I would have expected the prediction to be formed by starting with the base_score and adding the relevant values of base_weights during each traversal, but that doesn't seem to be the case, indeed, it appears that the values of the predictions do not depend on base_weights (or loss_changes or sum_hessian)! Here's a brief demonstration (with xgboost.__version__=1.4.2 and python 3.9.7):

import numpy as np, xgboost, json
def new_model():
    return xgboost.XGBRegressor(n_estimators=1, max_depth=3, base_score=0.5)
def save_model(model, path):
    model.get_booster().save_model(path)
def load_model(path):
    model = new_model()
    model.load_model(path)
    return model

x = np.random.standard_normal((10000, 5))
y = x.sum(1)

m0 = new_model()
m0.fit(x, y)
pred0 = m0.predict(x)
p0 = '/tmp/m0.json'
save_model(m0, p0)
np.testing.assert_array_equal(pred0, load_model(p0).predict(x))  # test save->load

with open(p0) as f:
    j = json.load(f)
trees = j['learner']['gradient_booster']['model']['trees']
for field in ['base_weights', 'loss_changes', 'sum_hessian']:
    trees[0][field] = np.random.random(len(trees[0][field])).tolist()
p1 = '/tmp/m2.json'
with open(p1, 'w') as f:
    json.dump(j, f)
np.testing.assert_array_equal(pred0, load_model(p1).predict(x))  # this assertion passes! Unexpected!
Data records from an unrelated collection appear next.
(* Let $a=\frac{1+\sqrt{5}}{2}$ and $b=a^2=a+1$, and write $a_n=[an]$ and $b_n=[bn]$. Then the series $$\sum_{n=1}^\infty \left(\frac{a_{n+1}}{a_n}-\frac{b_{n+1}}{b_n}\right)$$ converges.
   Context: $[x]$ denotes the greatest integer not exceeding $x$. *)

theory Defs
  imports Complex_Main
begin

end

theory Submission
  imports Defs "HOL-Analysis.Summation_Tests"
begin

text \<open>
  Since \<open>b = a + 1\<close>, both sequences are governed by the fractional parts
  \<open>e\<^sub>m = frac (a m)\<close>: \<open>a\<^sub>m = a m - e\<^sub>m\<close> and \<open>b\<^sub>m = a\<^sub>m + m\<close>. Clearing denominators,
  the \<open>m\<close>-th term equals \<open>(m (e\<^sub>m - e\<^sub>m\<^sub>+\<^sub>1) + e\<^sub>m) / (a\<^sub>m b\<^sub>m)\<close>, and as
  \<open>a\<^sub>m b\<^sub>m = a b m\<^sup>2 + O(m)\<close> this is \<open>(e\<^sub>m/m - e\<^sub>m\<^sub>+\<^sub>1/(m+1)) / (a b) + O(1/m\<^sup>2)\<close>:
  a telescoping series with vanishing terms plus an absolutely convergent one.
\<close>

lemma golden_ratio_square: "((1 + sqrt 5) / 2 :: real)\<^sup>2 = (1 + sqrt 5) / 2 + 1"
  by (simp add: power2_eq_square algebra_simps)

lemma floor_add_one_mult_of_nat: "\<lfloor>(x + 1) * real k\<rfloor> = \<lfloor>x * real k\<rfloor> + int k"
proof -
  have "(x + 1) * real k = x * real k + of_int (int k)"
    by (simp add: distrib_right)
  then show ?thesis
    by (simp only: floor_add_int)
qed

lemma of_nat_le_floor_mult:
  assumes "x \<ge> 1"
  shows "real k \<le> of_int \<lfloor>x * real k\<rfloor>"
proof -
  have "real k \<le> x * real k"
    using mult_right_mono[OF assms, of "real k"] by simp
  then show ?thesis
    by (metis floor_mono floor_of_nat of_int_of_nat_eq of_int_le_iff)
qed

lemma bounded_over_Suc_tendsto_zero:
  fixes x :: "nat \<Rightarrow> real"
  assumes "\<And>n. \<bar>x n\<bar> \<le> C"
  shows "(\<lambda>n. x n / real (Suc n)) \<longlonglongrightarrow> 0"
proof (rule tendsto_sandwich[of "\<lambda>n. - C / real (Suc n)" _ _ "\<lambda>n. C / real (Suc n)"])
  have "(\<lambda>n. C * inverse (real (Suc n))) \<longlonglongrightarrow> C * 0"
    by (intro tendsto_mult tendsto_const LIMSEQ_inverse_real_of_nat)
  then show "(\<lambda>n. C / real (Suc n)) \<longlonglongrightarrow> 0" and "(\<lambda>n. - C / real (Suc n)) \<longlonglongrightarrow> 0"
    using tendsto_minus[of "\<lambda>n. C / real (Suc n)" 0] by (simp_all add: divide_inverse)
  have "- C \<le> x n" "x n \<le> C" for n
    using assms[of n] by (simp_all add: abs_le_iff)
  then show "\<forall>\<^sub>F n in sequentially. - C / real (Suc n) \<le> x n / real (Suc n)"
    and "\<forall>\<^sub>F n in sequentially. x n / real (Suc n) \<le> C / real (Suc n)"
    by (intro always_eventually allI divide_right_mono; simp)+
qed

lemma summable_if_close_to_telescoping:
  fixes f T :: "nat \<Rightarrow> 'a::banach" and h :: "nat \<Rightarrow> real"
  assumes "T \<longlonglongrightarrow> c" and "summable h"
    and "\<And>n. norm (f n - (T n - T (Suc n))) \<le> h n"
  shows "summable f"
proof -
  have "summable (\<lambda>n. f n - (T n - T (Suc n)))"
    using assms(2,3) by (rule summable_comparison_test'[where N = 0])
  moreover have "summable (\<lambda>n. T n - T (Suc n))"
    using assms(1) by (rule telescope_summable')
  ultimately have "summable (\<lambda>n. (f n - (T n - T (Suc n))) + (T n - T (Suc n)))"
    by (rule summable_add)
  then show ?thesis
    by simp
qed

lemma beatty_product_deviation:
  fixes a m e :: real
  assumes "a \<ge> 0" "m \<ge> 1" "0 \<le> e" "e < 1"
  shows "\<bar>a * (a + 1) * m\<^sup>2 - (a * m - e) * (a * m - e + m)\<bar> \<le> 2 * (a + 1) * m"
proof -
  have expand: "a * (a + 1) * m\<^sup>2 - (a * m - e) * (a * m - e + m) = e * ((2 * a + 1) * m) - e\<^sup>2"
    by (simp add: power2_eq_square algebra_simps)
  have "e * ((2 * a + 1) * m) \<le> (2 * a + 1) * m"
    using assms by (intro mult_left_le_one_le) auto
  moreover have "0 \<le> e * ((2 * a + 1) * m)" and "0 \<le> e\<^sup>2" and "e\<^sup>2 \<le> 1"
    using assms by (auto simp: power_le_one)
  moreover have "(2 * a + 1) * m + m = 2 * (a + 1) * m"
    by (simp add: algebra_simps)
  ultimately show ?thesis
    unfolding expand abs_le_iff using assms by linarith
qed

lemma beatty_ratio_difference_estimate:
  fixes a m e e' A A' :: real
  assumes a: "a \<ge> 1" and m: "m \<ge> 1"
    and e: "0 \<le> e" "e < 1" and e': "0 \<le> e'" "e' < 1"
    and A: "A = a * m - e" and A': "A' = a * (m + 1) - e'" and A_ge: "m \<le> A"
  shows "\<bar>A' / A - (A' + m + 1) / (A + m) - (e / m - e' / (m + 1)) / (a * (a + 1))\<bar>
           \<le> 3 / m\<^sup>2"
proof -
  define c where "c = 1 / (a * (a + 1))"
  define P where "P = A * (A + m)"
  have "1 * 2 \<le> a * (a + 1)"
    using a by (intro mult_mono) auto
  then have ab: "2 \<le> a * (a + 1)"
    by simp
  then have c: "0 < c" "c \<le> 1"
    by (simp_all add: c_def)
  have "m * (2 * m) \<le> A * (A + m)"
    using A_ge m by (intro mult_mono) auto
  then have P_ge: "2 * m\<^sup>2 \<le> P"
    by (simp add: P_def power2_eq_square)
  moreover have "0 < 2 * m\<^sup>2"
    using m by simp
  ultimately have P: "0 < P"
    by linarith
  have quotients: "A' / A - (A' + m + 1) / (A + m) = (m * (e - e') + e) / P"
    using A_ge m unfolding P_def A' by (simp add: field_simps A)
  have decomposition:
    "A' / A - (A' + m + 1) / (A + m) - (e / m - e' / (m + 1)) / (a * (a + 1))
       = (e - e') * (m / P - c / m) + e / P - c * e' / (m * (m + 1))"
  proof -
    have "(e / m - e' / (m + 1)) / (a * (a + 1)) = c * (e / m - e' / (m + 1))"
      by (simp add: c_def)
    moreover have "(m * (e - e') + e) / P - c * (e / m - e' / (m + 1))
        = (e - e') * (m / P - c / m) + e / P - c * e' / (m * (m + 1))"
      using P m by (simp add: divide_simps) (simp add: algebra_simps)
    ultimately show ?thesis
      unfolding quotients by simp
  qed
  have "a * (a + 1) \<noteq> 0" "m \<noteq> 0" "P \<noteq> 0"
    using ab m P by auto
  then have "m / P - c / m = (a * (a + 1) * m\<^sup>2 - P) / (a * (a + 1) * m * P)"
    unfolding c_def by (simp add: divide_simps power2_eq_square)
  then have "\<bar>m / P - c / m\<bar> = \<bar>a * (a + 1) * m\<^sup>2 - P\<bar> / (a * (a + 1) * m * P)"
    using a m P by (simp add: abs_mult)
  also have "\<dots> \<le> (2 * (a + 1) * m) / (a * (a + 1) * m * (2 * m\<^sup>2))"
    using beatty_product_deviation[of a m e] a m e P P_ge unfolding P_def A
    by (intro frac_le mult_left_mono) auto
  also have "\<dots> = 1 / (a * m\<^sup>2)"
    using a m by (simp add: divide_simps power2_eq_square)
  also have "\<dots> \<le> 1 / m\<^sup>2"
    using a m by (intro divide_left_mono) auto
  finally have "\<bar>(e - e') * (m / P - c / m)\<bar> \<le> 1 * (1 / m\<^sup>2)"
    unfolding abs_mult using e e' by (intro mult_mono) auto
  moreover have "\<bar>e / P\<bar> \<le> 1 / m\<^sup>2"
    using e P P_ge m by (simp add: frac_le)
  moreover have "\<bar>c * e' / (m * (m + 1))\<bar> \<le> 1 / m\<^sup>2"
    using c e' m
    by (simp add: abs_mult power2_eq_square frac_le mult_le_one mult_mono)
  ultimately show ?thesis
    unfolding decomposition abs_le_iff by linarith
qed

lemma floor_ratio_difference_estimate:
  fixes a :: real and m :: nat
  assumes a: "a \<ge> 1" and m: "m \<ge> 1"
  shows "\<bar>of_int \<lfloor>a * real (m + 1)\<rfloor> / of_int \<lfloor>a * real m\<rfloor>
            - of_int \<lfloor>(a + 1) * real (m + 1)\<rfloor> / of_int \<lfloor>(a + 1) * real m\<rfloor>
            - (frac (a * real m) / real m - frac (a * real (m + 1)) / real (m + 1)) / (a * (a + 1))\<bar>
         \<le> 3 / (real m)\<^sup>2"
proof -
  have "\<bar>of_int \<lfloor>a * real (m + 1)\<rfloor> / of_int \<lfloor>a * real m\<rfloor>
      - (of_int \<lfloor>a * real (m + 1)\<rfloor> + real m + 1) / (of_int \<lfloor>a * real m\<rfloor> + real m)
      - (frac (a * real m) / real m - frac (a * real (m + 1)) / (real m + 1)) / (a * (a + 1))\<bar>
      \<le> 3 / (real m)\<^sup>2"
    using a m of_nat_le_floor_mult[OF a, of m]
    by (intro beatty_ratio_difference_estimate frac_ge_0 frac_lt_1) (auto simp: frac_def algebra_simps)
  then show ?thesis
    unfolding floor_add_one_mult_of_nat by (simp add: add_ac)
qed

theorem theorem1:
  fixes a b :: real and an bn :: "nat \<Rightarrow> real"
  assumes "a = (1 + sqrt 5) / 2"
    and "b = a\<^sup>2"
    and "\<And>n. an n = of_int \<lfloor>a * real n\<rfloor>"
    and "\<And>n. bn n = of_int \<lfloor>b * real n\<rfloor>"
  shows "summable (\<lambda>n. an (n + 2) / an (n + 1) - bn (n + 2) / bn (n + 1))"
proof -
  have b: "b = a + 1"
    unfolding assms(1,2) by (rule golden_ratio_square)
  have a: "a \<ge> 1"
    unfolding assms(1) by simp
  define T where "T n = frac (a * real (Suc n)) / real (Suc n) / (a * b)" for n
  show ?thesis
  proof (rule summable_if_close_to_telescoping)
    have "(\<lambda>n. frac (a * real (Suc n)) / real (Suc n)) \<longlonglongrightarrow> 0"
      by (intro bounded_over_Suc_tendsto_zero[where C = 1]) (simp add: less_imp_le[OF frac_lt_1])
    then show "T \<longlonglongrightarrow> 0"
      unfolding T_def by (rule tendsto_divide_zero)
    show "summable (\<lambda>n. 3 / (real (Suc n))\<^sup>2)"
      using summable_mult[OF inverse_power_summable[of 2, where 'a = real], of 3]
      by (subst summable_Suc_iff) (simp add: divide_inverse)
    show "norm (an (n + 2) / an (n + 1) - bn (n + 2) / bn (n + 1) - (T n - T (Suc n)))
            \<le> 3 / (real (Suc n))\<^sup>2" for n
      using floor_ratio_difference_estimate[OF a, of "Suc n"]
      by (simp add: assms(3,4) T_def b numeral_2_eq_2 diff_divide_distrib)
  qed
qed

end
lemma minv_smult_one: "(a::'a::field) \<noteq> 0 \<Longrightarrow> minv (a \<cdot>\<^sub>m 1\<^sub>m n) = inverse a \<cdot>\<^sub>m 1\<^sub>m n"
  by (rule minv_eqI) (auto simp: smult_one_mult_mat smult_smult_mat)

lemma GL_transpose: "X \<in> GL n \<Longrightarrow> transpose_mat X \<in> GL n"
  using GL_minv[of X n] GL_carrier[of X n] transpose_mult[of "minv X" n n X n]
  by (intro GL_I[of _ n "transpose_mat (minv X)"]) auto

lemma (in field_hom) GL_map_mat:
  assumes "X \<in> GL n"
  shows "map_mat hom X \<in> GL n" "minv (map_mat hom X) = map_mat hom (minv X)"
proof -
  note c = GL_carrier[OF assms] GL_minv[OF assms]
  have e: "map_mat hom X * map_mat hom (minv X) = 1\<^sub>m n"
    using mat_hom_mult[OF c(1,2)] c mat_hom_one by simp
  show "map_mat hom X \<in> GL n" by (rule GL_I[OF _ _ e]) (use c in auto)
  show "minv (map_mat hom X) = map_mat hom (minv X)" by (rule minv_eqI[OF _ _ e]) (use c in auto)
qed

lemma mult_mat_conj_intertwine:
  fixes P Q M X Z :: "'a::semiring_1 mat"
  assumes c: "P \<in> carrier_mat n n" "Q \<in> carrier_mat n n" "M \<in> carrier_mat n n"
    "X \<in> carrier_mat n n" "Z \<in> carrier_mat n n"
    and QP: "Q * P = 1\<^sub>m n" and int: "P * M * X = Z * (P * M)"
  shows "M * X = (Q * Z * P) * M"
proof -
  have "Q * (P * M * X) = (Q * P) * (M * X)" using c by (simp add: assoc_mult_mat[of _ n n _ n _ n])
  then have "M * X = Q * (P * M * X)" using c QP by simp
  also have "\<dots> = (Q * Z * P) * M" unfolding int using c by (simp add: assoc_mult_mat[of _ n n _ n _ n])
  finally show ?thesis .
qed

lemma mult_minv_eq_imp_eq_mult:
  fixes X Y Z :: "'a::field mat"
  assumes Y: "Y \<in> GL n" and X: "X \<in> carrier_mat n n" and XYZ: "X * minv Y = Z"
  shows "X = Z * Y"
proof -
  note c = GL_carrier[OF Y] GL_minv[OF Y]
  have "Z * Y = X * (minv Y * Y)" unfolding XYZ[symmetric] using c X by (simp add: assoc_mult_mat[of _ n n _ n _ n])
  then show ?thesis using c X by simp
qed

section \<open>The depth filtration of the Iwahori order\<close>

locale iwahori_filtration =
  fixes v :: "'a::field \<Rightarrow> int" and m :: nat
  assumes discrete: "discrete_valuation v" and m_pos: "0 < m"
begin

lemma v_mult: "x \<noteq> 0 \<Longrightarrow> y \<noteq> 0 \<Longrightarrow> v (x * y) = v x + v y"
  using discrete unfolding discrete_valuation_def by blast

lemma v_add: "x \<noteq> 0 \<Longrightarrow> y \<noteq> 0 \<Longrightarrow> x + y \<noteq> 0 \<Longrightarrow> min (v x) (v y) \<le> v (x + y)"
  using discrete unfolding discrete_valuation_def by blast

lemma v_one [simp]: "v 1 = 0"
  using v_mult[of 1 1] by simp

lemma v_minus_one [simp]: "v (-1) = 0"
  using v_mult[of "-1" "-1"] by simp

lemma v_uminus [simp]: "v (- x) = v x"
  by (cases "x = 0") (use v_mult[of "-1" x] in auto)

lemma v_inverse: "x \<noteq> 0 \<Longrightarrow> v (inverse x) = - v x"
  using v_mult[of x "inverse x"] by simp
Indeed, the only floating point data that seems to be being used is split_indices, but I would have thought that that was nowhere near enough data to describe a regression tree. So if question 1 is too granular to answer here, there's still...

Question 2: how is it possible that the model predictions depend only on this one floating point vector, split_conditions?


Solution

  • (I see it's nine months too late, but here's a rudimentary answer as other people may be interested in this...)

    split_indices refers to the index (0-based) of the list of features supplied during training. It basically says "At this node (position in the array) use feature N for splitting".

    For split nodes, split_conditions refers to the threshold for splitting -- if feature < split_condition go left, if >= go right. Plus the treatment of NAs (default_left tells you where they go at each split).

    In your example the first split would be based on feature #3 at threshold 0.073486.

    For leaf nodes, the split_condition contains the leaf value, i.e. the prediction for observations falling into that leaf. (With possible caveats depending on type of problem, transformations, etc.) left_children and right_children have a value of -1 for the leaf nodes.

    Hope this helps someone to get started -- there's quite a bit of other details. Some of the info in the json is not needed for prediction but allows to calculate e.g. the feature importance metrics and how the tree was constructed.

    Finally, for me plotting the tree (xgboost.to_graphviz(booster=m0)) helps a lot in interpreting the info in the json. Making an example of a depth=1 (single splitting node, 2 leaf nodes) would be even easier to interpret.